中原中也的声音低沉,压抑着一股危险感。
“我说你们两个混蛋算了,谁爱管谁管,老子不管了!”
被这两个家伙折磨得精疲力尽的中原中也黑着一张脸,夺门而出让他抓住今天医务室是哪个混蛋翘了班,非扒了他的皮不可!
太宰治瞥了眼被中原中也拽下来的门把手,医疗室的门也摇摇欲坠。
他轻哼了一声,一脸无趣地也准备离开。
“太宰”
太宰治的脚步一顿,扭过头,看向病床上昏睡着的粉发少年。
刚刚的声音正是来自于七海,听上去不过是睡梦中无意识的嘤咛。
然而不知怎的,太宰治脚尖方向一拐,慢吞吞地走到七海奈奈生的身边。
“太宰唔、太宰小姐好可爱…”七海奈奈生不知道梦到了什么,嘿嘿傻笑起来,“脸红的样子萌诶”
这家伙到底梦到什么了?
太宰治忍了忍,勉强没有吐槽出声。
他犹豫了一下,还是坐在了他的床边,托着下巴,了无兴趣地望向昏睡中的七海奈奈生。
此时已是黄昏,夕阳透过医务室复古的欧式窗户,一条条的阴影落在太宰治的身上,将他切割成一块一块的拼木。
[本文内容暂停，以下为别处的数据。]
text \<open>Membership in the class G; eta_x is represented by (M x, H x).\<close>
definition in_G ::
  "real \<Rightarrow> (int \<Rightarrow> nat) set \<Rightarrow> ((int \<Rightarrow> nat) \<Rightarrow> real \<Rightarrow> complex)
    \<Rightarrow> ((int \<Rightarrow> nat) \<Rightarrow> real measure) \<Rightarrow> ((int \<Rightarrow> nat) \<Rightarrow> real \<Rightarrow> complex) \<Rightarrow> bool" where
  "in_G \<theta> S \<Phi> M H \<longleftrightarrow>
     (\<forall>x\<in>S. polar_rep (M x) (H x) \<and> (\<forall>r. \<Phi> x r = fs_transform (M x) (H x) r)) \<and>
     (\<exists>C \<alpha>. \<alpha> > 0 \<and> (\<forall>x\<in>S. \<forall>y\<in>S.
         fs_norm (\<lambda>r. \<Phi> x r - \<Phi> y r) \<le> C * dtheta \<theta> x y powr \<alpha>)) \<and>
     (\<exists>a A. a > 0 \<and> A > 0 \<and> (\<forall>x\<in>S. \<forall>r::real. r \<ge> 1 \<longrightarrow>
         measure (M x) (- {-r..r}) \<le> A * r powr (- a)))"

definition window_avg :: "('a \<times> real) measure \<Rightarrow> ('a \<times> real \<Rightarrow> complex) \<Rightarrow> real \<Rightarrow> complex" where
  "window_avg \<nu> F R = complex_of_real (1 / (2 * R)) *
      (LINT p : {p \<in> space \<nu>. \<bar>snd p\<bar> \<le> R} | \<nu>. F p)"

definition global_observable :: "('a \<times> real) measure \<Rightarrow> ('a \<times> real \<Rightarrow> complex) \<Rightarrow> bool" where
  "global_observable \<nu> F \<longleftrightarrow> F \<in> borel_measurable \<nu> \<and> (\<exists>B. AE p in \<nu>. norm (F p) \<le> B) \<and>
     (\<exists>L. (window_avg \<nu> F \<longlongrightarrow> L) at_top)"

definition nu_av :: "('a \<times> real) measure \<Rightarrow> ('a \<times> real \<Rightarrow> complex) \<Rightarrow> complex" where
  "nu_av \<nu> F = Lim at_top (window_avg \<nu> F)"

end

theory Submission
  imports Defs "HOL-Probability.Sinc_Integral"
begin

text \<open>Averaging the transform of a single measure \<eta> over \<open>[-R, R]\<close> gives, by Fubini,
  \<open>\<integral> sinc (R \<xi>) d\<eta>(\<xi>)\<close>, which tends to \<open>\<eta> {0}\<close> by dominated convergence. The Hoelder
  condition in the norm of the transform algebra also controls the sup norm, so \<Phi> is bounded and
  is a uniform limit of functions depending on finitely many coordinates of \<open>x\<close>, hence jointly
  measurable. Fubini and dominated convergence in \<open>x\<close> then reduce the window averages on
  \<open>\<Sigma> \<times> \<real>\<close> to those of the individual transforms.\<close>

section \<open>Fourier--Stieltjes transforms\<close>

lemma polar_rep_space: "polar_rep m h \<Longrightarrow> space m = UNIV"
  unfolding polar_rep_def by (metis sets_eq_imp_space_eq space_borel)

lemma measurable_polar_rep_iff:
  "polar_rep m h \<Longrightarrow> f \<in> measurable m N \<longleftrightarrow> f \<in> measurable borel N"
  unfolding polar_rep_def using measurable_cong_sets[of m borel N N] by simp

lemma borel_measurable_cis [measurable]: "cis \<in> borel_measurable borel"
  by (intro borel_measurable_continuous_onI continuous_intros)

lemma integrable_fs_integrand:
  assumes "polar_rep m h"
  shows "integrable m (\<lambda>\<xi>. cis (- r * \<xi>) * h \<xi>)"
proof -
  interpret finite_measure m
    using assms by (simp add: polar_rep_def)
  show ?thesis
    using assms measurable_polar_rep_iff[OF assms]
    by (intro integrable_const_bound[where B=1]) (auto simp: polar_rep_def norm_mult)
qed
七海奈奈生的脸又被他挡下的阴影笼罩。
鸢色的眸子目光在对方的脸上慢吞吞地扫过,刘海、睫毛、鼻尖、嘴唇再到脸上那道已经结了血痂的伤口,目光终于停了下来。
太宰治伸手,指尖在那道已经结痂的伤口上慢慢划过,凹凸不平的触感让他心中升起一股古怪的感觉。
并非怜悯、也非施。虐。欲。
复杂的像是乱七八糟混杂在一起的毛线团,找不出头也扯不出尾,一味地纠缠缠绕在一起。
“唔”
或许是太宰的手指过于冰冷,反而让发烧中的七海奈奈生感觉一阵舒适,本能地用脸颊蹭了蹭对方的手掌。
太宰治猛地抽回了手。
被对方脸颊蹭过的地方炙热的感觉,好比被敌人用子弹射穿了手掌,止不住地发烫发痒。
“什么啊,真的有那么「喜欢」我吗?”
所以,
「喜欢」又到底是什么呢?
【滴】
【[生病]状态已消除】
唔,感觉睡了好久。
七海奈奈生坐起身,揉了揉眼睛,却发现自己躺在医务室的病床上,身上的衬衫被换成了病号服,绷带也有重新包扎的痕迹。
当他点开角色面板后,有些摸不着头脑。
“[生病]状态已经消失了啊。诶、等一下,太宰小姐的好感度怎么到十五了啊,但是中原小姐的好感度变成了负五发生什么事了吗?”
【『“太宰小姐。”』
太宰治睁开眼睛,眼前还是一成不变的景象。
老旧的集装箱顶如同波浪板凹凸起伏,一层层阴影规矩整齐地排列着。狭小、漆黑、幽暗的环境,无形之间带给人一种无法言喻的恐惧感,想要逃离而出。
但是太宰治不一样。
他早就习惯了这种地方,倒不如这种漆黑幽闭的环境,反而能使他安心。
望着集装箱顶,太宰治的眼神不断放空。
滴答、滴答
不知道何处漏水,水滴声富有节奏感地敲打着地面,像是催眠一般。
『“您是这个世界里独一无二的存在。”』
那只放空的鸢眸闪了闪,终于有了反应。
然而下一秒,脑内又浮现起几日前在医务室里的画面。
『“中原小姐。”』
太宰治眼神一黑,不爽地翻了个身。
“嘁。”
中原中也,港口mafia著名劳模。
由于出色的战斗力,因此不是在出差就是在出差的路上这么一个优秀的男人,是黑心老板最爱的优秀员工代表。
十七岁的中原中也虽然在红叶大姐的指导下,逐渐有了些黑手党该有的样子,优雅礼貌虽然偶尔还是会暴露出在擂钵街时期的那股小混混劲儿。
作为武斗派的代表,中原中也大部分的工作内容,都是用暴力教会那群不知死活的野狗们什么叫恐惧。
不过,即便是中原中也也逃不开看文件、写报告的命运。